section \<open>Weighted walks\<close>

locale weighted_walks = penalty \<phi> for \<phi> :: "nat \<Rightarrow> real" +
  fixes d :: nat and \<Omega> :: "pt set" and \<rho> :: "pt \<Rightarrow> real"
  assumes finite_steps: "finite \<Omega>" and steps_nonzero: "\<Omega> \<subseteq> Zd d - {0}"
    and steps_symmetric: "\<forall>g\<in>lattice_syms d. g ` \<Omega> \<subseteq> \<Omega>"
    and rho_nonneg: "\<forall>v\<in>\<Omega>. 0 \<le> \<rho> v" and rho_sum: "(\<Sum>v\<in>\<Omega>. \<rho> v) = 1"
    and rho_symmetric: "\<forall>g\<in>lattice_syms d. \<forall>v\<in>\<Omega>. \<rho> (g v) = \<rho> v"
begin

lemma dim_pos: "0 < d"
proof (rule ccontr)
  assume "\<not> 0 < d"
  then have "Zd d = {0}" by (auto simp: Zd_def fun_eq_iff)
  then show False using steps_nonzero rho_sum by auto
qed

lemma lattice_sym_step:
  assumes "p permutes {..<d}" "\<forall>i. s i \<in> {-1, 1::int}" "v \<in> \<Omega>"
  defines "g \<equiv> \<lambda>v i. if i < d then s i * v (p i) else 0"
  shows "g v \<in> \<Omega>" and "\<rho> (g v) = \<rho> v"
proof -
  have "g \<in> lattice_syms d" unfolding lattice_syms_def g_def using assms(1,2) by blast
  then show "g v \<in> \<Omega>" "\<rho> (g v) = \<rho> v" using steps_symmetric rho_symmetric assms(3) by auto
qed

lemma reflect_x_step:
  assumes "v \<in> \<Omega>"
  shows "reflect_x v \<in> \<Omega>" and "\<rho> (reflect_x v) = \<rho> v"
proof -
  define s :: "nat \<Rightarrow> int" where "s i = (if i = 0 then -1 else 1)" for i
  have "(\<lambda>i. if i < d then s i * v (id i) else 0) = reflect_x v"
    using assms steps_nonzero dim_pos by (auto simp: fun_eq_iff s_def reflect_x_def Zd_def)
  moreover have "\<forall>i. s i \<in> {-1, 1::int}" by (simp add: s_def)
  ultimately show "reflect_x v \<in> \<Omega>" "\<rho> (reflect_x v) = \<rho> v"
    using lattice_sym_step[OF permutes_id _ assms] by metis+
qed

lemma uminus_step:
  assumes "v \<in> \<Omega>"
  shows "- v \<in> \<Omega>" and "\<rho> (- v) = \<rho> v"
proof -
  have "(\<lambda>i. if i < d then - 1 * v (id i) else 0) = - v"
    using assms steps_nonzero by (auto simp: fun_eq_iff Zd_def)
  then show "- v \<in> \<Omega>" "\<rho> (- v) = \<rho> v"
    using lattice_sym_step[OF permutes_id _ assms, of "\<lambda>_. - 1"] by auto
qed

lemma positive_step: "\<exists>u\<in>\<Omega>. 0 < xcoord u \<and> 0 < \<rho> u"
proof -
  obtain v where v: "v \<in> \<Omega>" "0 < \<rho> v"
  proof (rule ccontr)
    assume "\<not> thesis"
    then have "(\<Sum>v\<in>\<Omega>. \<rho> v) \<le> 0" using that by (force intro: sum_nonpos)
    then show False using rho_sum by simp
  qed
  then have vz: "v \<in> Zd d" "v \<noteq> 0" using steps_nonzero by auto
  obtain i where "v i \<noteq> 0" using vz(2) by (auto simp: fun_eq_iff)
  moreover from this have "i < d" using vz(1) by (auto simp: Zd_def not_less[symmetric])
  ultimately have i: "v i \<noteq> 0" "i < d" .
  define p where "p = Transposition.transpose 0 i"
  define s :: "nat \<Rightarrow> int" where "s j = (if j = 0 then sgn (v i) else 1)" for j
  have "p permutes {..<d}" unfolding p_def using i dim_pos by (intro permutes_swap_id) auto
  moreover have "\<forall>j. s j \<in> {-1, 1::int}" using i by (auto simp: s_def sgn_if)
  ultimately have "(\<lambda>j. if j < d then s j * v (p j) else 0) \<in> \<Omega>"
    "\<rho> (\<lambda>j. if j < d then s j * v (p j) else 0) = \<rho> v"
    using lattice_sym_step[OF _ _ v(1)] by blast+
  moreover have "xcoord (\<lambda>j. if j < d then s j * v (p j) else 0) = \<bar>v i\<bar>"
    using dim_pos by (simp add: xcoord_def s_def p_def abs_sgn)
  ultimately show ?thesis using v i by (metis zero_less_abs_iff)
qed

definition step_weight :: "pt list \<Rightarrow> real" where
  "step_weight us = prod_list (map \<rho> us)"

-=-=-

• **Activity**
Reproduce the data shown above in its entirety, keeping each word as it is.

• **Solution to this exercise**
section \<open>Weighted walks\<close>

locale weighted_walks = penalty \<phi> for \<phi> :: "nat \<Rightarrow> real" +
  fixes d :: nat and \<Omega> :: "pt set" and \<rho> :: "pt \<Rightarrow> real"
  assumes finite_steps: "finite \<Omega>" and steps_nonzero: "\<Omega> \<subseteq> Zd d - {0}"
    and steps_symmetric: "\<forall>g\<in>lattice_syms d. g ` \<Omega> \<subseteq> \<Omega>"
    and rho_nonneg: "\<forall>v\<in>\<Omega>. 0 \<le> \<rho> v" and rho_sum: "(\<Sum>v\<in>\<Omega>. \<rho> v) = 1"
    and rho_symmetric: "\<forall>g\<in>lattice_syms d. \<forall>v\<in>\<Omega>. \<rho> (g v) = \<rho> v"
begin

lemma dim_pos: "0 < d"
proof (rule ccontr)
  assume "\<not> 0 < d"
  then have "Zd d = {0}" by (auto simp: Zd_def fun_eq_iff)
  then show False using steps_nonzero rho_sum by auto
qed

lemma lattice_sym_step:
  assumes "p permutes {..<d}" "\<forall>i. s i \<in> {-1, 1::int}" "v \<in> \<Omega>"
  defines "g \<equiv> \<lambda>v i. if i < d then s i * v (p i) else 0"
  shows "g v \<in> \<Omega>" and "\<rho> (g v) = \<rho> v"
proof -
  have "g \<in> lattice_syms d" unfolding lattice_syms_def g_def using assms(1,2) by blast
  then show "g v \<in> \<Omega>" "\<rho> (g v) = \<rho> v" using steps_symmetric rho_symmetric assms(3) by auto
qed

lemma reflect_x_step:
  assumes "v \<in> \<Omega>"
  shows "reflect_x v \<in> \<Omega>" and "\<rho> (reflect_x v) = \<rho> v"
proof -
  define s :: "nat \<Rightarrow> int" where "s i = (if i = 0 then -1 else 1)" for i
  have "(\<lambda>i. if i < d then s i * v (id i) else 0) = reflect_x v"
    using assms steps_nonzero dim_pos by (auto simp: fun_eq_iff s_def reflect_x_def Zd_def)
  moreover have "\<forall>i. s i \<in> {-1, 1::int}" by (simp add: s_def)
  ultimately show "reflect_x v \<in> \<Omega>" "\<rho> (reflect_x v) = \<rho> v"
    using lattice_sym_step[OF permutes_id _ assms] by metis+
qed

lemma uminus_step:
  assumes "v \<in> \<Omega>"
  shows "- v \<in> \<Omega>" and "\<rho> (- v) = \<rho> v"
proof -
  have "(\<lambda>i. if i < d then - 1 * v (id i) else 0) = - v"
    using assms steps_nonzero by (auto simp: fun_eq_iff Zd_def)
  then show "- v \<in> \<Omega>" "\<rho> (- v) = \<rho> v"
    using lattice_sym_step[OF permutes_id _ assms, of "\<lambda>_. - 1"] by auto
qed

lemma positive_step: "\<exists>u\<in>\<Omega>. 0 < xcoord u \<and> 0 < \<rho> u"
proof -
  obtain v where v: "v \<in> \<Omega>" "0 < \<rho> v"
  proof (rule ccontr)
    assume "\<not> thesis"
    then have "(\<Sum>v\<in>\<Omega>. \<rho> v) \<le> 0" using that by (force intro: sum_nonpos)
    then show False using rho_sum by simp
  qed
  then have vz: "v \<in> Zd d" "v \<noteq> 0" using steps_nonzero by auto
  obtain i where "v i \<noteq> 0" using vz(2) by (auto simp: fun_eq_iff)
  moreover from this have "i < d" using vz(1) by (auto simp: Zd_def not_less[symmetric])
  ultimately have i: "v i \<noteq> 0" "i < d" .
  define p where "p = Transposition.transpose 0 i"
  define s :: "nat \<Rightarrow> int" where "s j = (if j = 0 then sgn (v i) else 1)" for j
  have "p permutes {..<d}" unfolding p_def using i dim_pos by (intro permutes_swap_id) auto
  moreover have "\<forall>j. s j \<in> {-1, 1::int}" using i by (auto simp: s_def sgn_if)
  ultimately have "(\<lambda>j. if j < d then s j * v (p j) else 0) \<in> \<Omega>"
    "\<rho> (\<lambda>j. if j < d then s j * v (p j) else 0) = \<rho> v"
    using lattice_sym_step[OF _ _ v(1)] by blast+
  moreover have "xcoord (\<lambda>j. if j < d then s j * v (p j) else 0) = \<bar>v i\<bar>"
    using dim_pos by (simp add: xcoord_def s_def p_def abs_sgn)
  ultimately show ?thesis using v i by (metis zero_less_abs_iff)
qed

definition step_weight :: "pt list \<Rightarrow> real" where
  "step_weight us = prod_list (map \<rho> us)"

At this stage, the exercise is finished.